25 else if (name === "hangup_call") {
26 pendingHangup = true;
27
28 sendOpenAIToolOutput(callId, {
29 result: "Goodbye. Thank you for calling Voxy Plumbers.",
30 });
31 }
32 else {
33 sendOpenAIToolOutput(callId, {
34 error: `Unhandled tool: ${name}`,
35 });
36 }
37});

We must respond to the ToolCall event with a result. In this case, we need to wait for the MCP.ServerEvents.ToolResult event before sending the tool response.
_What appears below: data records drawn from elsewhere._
lemma host_persistent:
  assumes "r2 < d \<or> (K2 * (1 - d / r2) < r1 / a \<and> 0 < K2 * (1 - d / r2))"
  shows "persistent (hp_solution r1 r2 K1 K2 a h e d) 1"
proof (cases "r2 \<le> d")
  case True
  then obtain m where "0 < m"
    "\<And>x1 x2. hp_trajectory r1 r2 K1 K2 a h e d x1 x2 \<Longrightarrow> \<forall>\<^sub>F t in at_top. m \<le> x1 t"
    by (rule uniform_host_bound_if_r2_le_d) blast
  then show ?thesis
    by (intro persistentI[of m]) (auto simp: species_def)
next
  case False
  then have "d < r2" "a * K2 * (1 - d / r2) < r1"
    using assms a by (simp_all add: less_divide_eq ac_simps)
  then obtain m where "0 < m"
    "\<And>x1 x2. hp_trajectory r1 r2 K1 K2 a h e d x1 x2 \<Longrightarrow> \<forall>\<^sub>F t in at_top. m \<le> x1 t"
    by (rule uniform_host_bound_if_d_lt_r2) blast
  then show ?thesis
    by (intro persistentI[of m]) (auto simp: species_def)
qed

lemma parasite_persistent:
  assumes "d < r2 + gain_at_capacity"
  shows "persistent (hp_solution r1 r2 K1 K2 a h e d) 2"
proof (cases "r2 \<le> d")
  case True
  obtain m1 where "0 < m1"
    "\<And>x1 x2. hp_trajectory r1 r2 K1 K2 a h e d x1 x2 \<Longrightarrow> \<forall>\<^sub>F t in at_top. m1 \<le> x1 t"
    using uniform_host_bound_if_r2_le_d[OF True] by blast
  then obtain m where "0 < m"
    "\<And>x1 x2. hp_trajectory r1 r2 K1 K2 a h e d x1 x2 \<Longrightarrow> \<forall>\<^sub>F t in at_top. m \<le> x2 t"
    using uniform_parasite_bound_if_host_bound assms by blast
  then show ?thesis
    by (intro persistentI[of m]) (auto simp: species_def)
next
  case False
  then show ?thesis
    using r2 K2 hp_trajectory.eventually_parasite_ge_if_d_lt_r2
    by (intro persistentI[of "K2 * (1 - d / r2) / 2"]) (auto simp: species_def)
qed

end

theorem theorem1:
  fixes r1 r2 K1 K2 a h e d :: real
  assumes "r1 > 0" "r2 > 0" "K1 > 0" "K2 > 0" "a > 0" "h > 0" "e > 0" "d \<ge> 0"
  defines "sol \<equiv> hp_solution r1 r2 K1 K2 a h e d"
  shows "(d > r2 \<or> (r1 / a > K2 * (1 - d / r2) \<and> K2 * (1 - d / r2) > 0)
            \<longrightarrow> persistent sol 1)
       \<and> (r2 + e * a * K1 / (1 + a * h * K1) > d \<longrightarrow> persistent sol 2)
       \<and> ((r2 + e * a * K1 / (1 + a * h * K1) > d \<and> d > r2) \<or>
            (r1 / a > K2 * (1 - d / r2) \<and> K2 * (1 - d / r2) > 0)
            \<longrightarrow> permanent sol)"
proof -
  interpret host_parasite r1 r2 K1 K2 a h e d
    using assms by unfold_locales
  have gain: "e * a * K1 / (1 + a * h * K1) = gain_at_capacity"
    by (simp add: gain_at_capacity_def)
  have "d < r2 + gain_at_capacity" if "0 < K2 * (1 - d / r2)"
    using that K2 r2 gain_at_capacity_pos by (simp add: zero_less_mult_iff field_simps)
  then show ?thesis
    unfolding sol_def permanent_def gain
    using host_persistent parasite_persistent by (auto simp: add.commute)
qed

end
We do that with OpenAI Realtime as follows:

1mcpClient.addEventListener(MCP.ServerEvents.ToolResult, (event) => {
2 // Match this MCP result to the OpenAI function call that triggered it.
3 if (!pendingOpenAIFunction) return;
4
5 let mcpOutput = JSON.parse(event.data.payload.content?.[0]?.text); // ToDo: catch parsing errors
6
7 if (!mcpOutput || event.data.payload.isError || mcpOutput.error) {
8 mcpOutput = {error: mcpOutput.error || "MCP tool failed."};
9 }
10
11 // Add the response to the conversation
12 openaiClient.conversationItemCreate({
13 item: {
14 type: "function_call_output",
15 call_id: pendingOpenAIFunction.callId,
16 output: JSON.stringify(mcpOutput),
17 },
18 });
19 // Tell OpenAI to continue the turn
20 openaiClient.responseCreate({});
21});

The above flow assumes an agentic approach where the LLM interprets MCP Server’s tools and invokes them with the appropriate parameters. It is also possible to hardcode tools and parameters or make adjustments to them. We will demonstrate that in the Gemini-Zapier-MCP Example.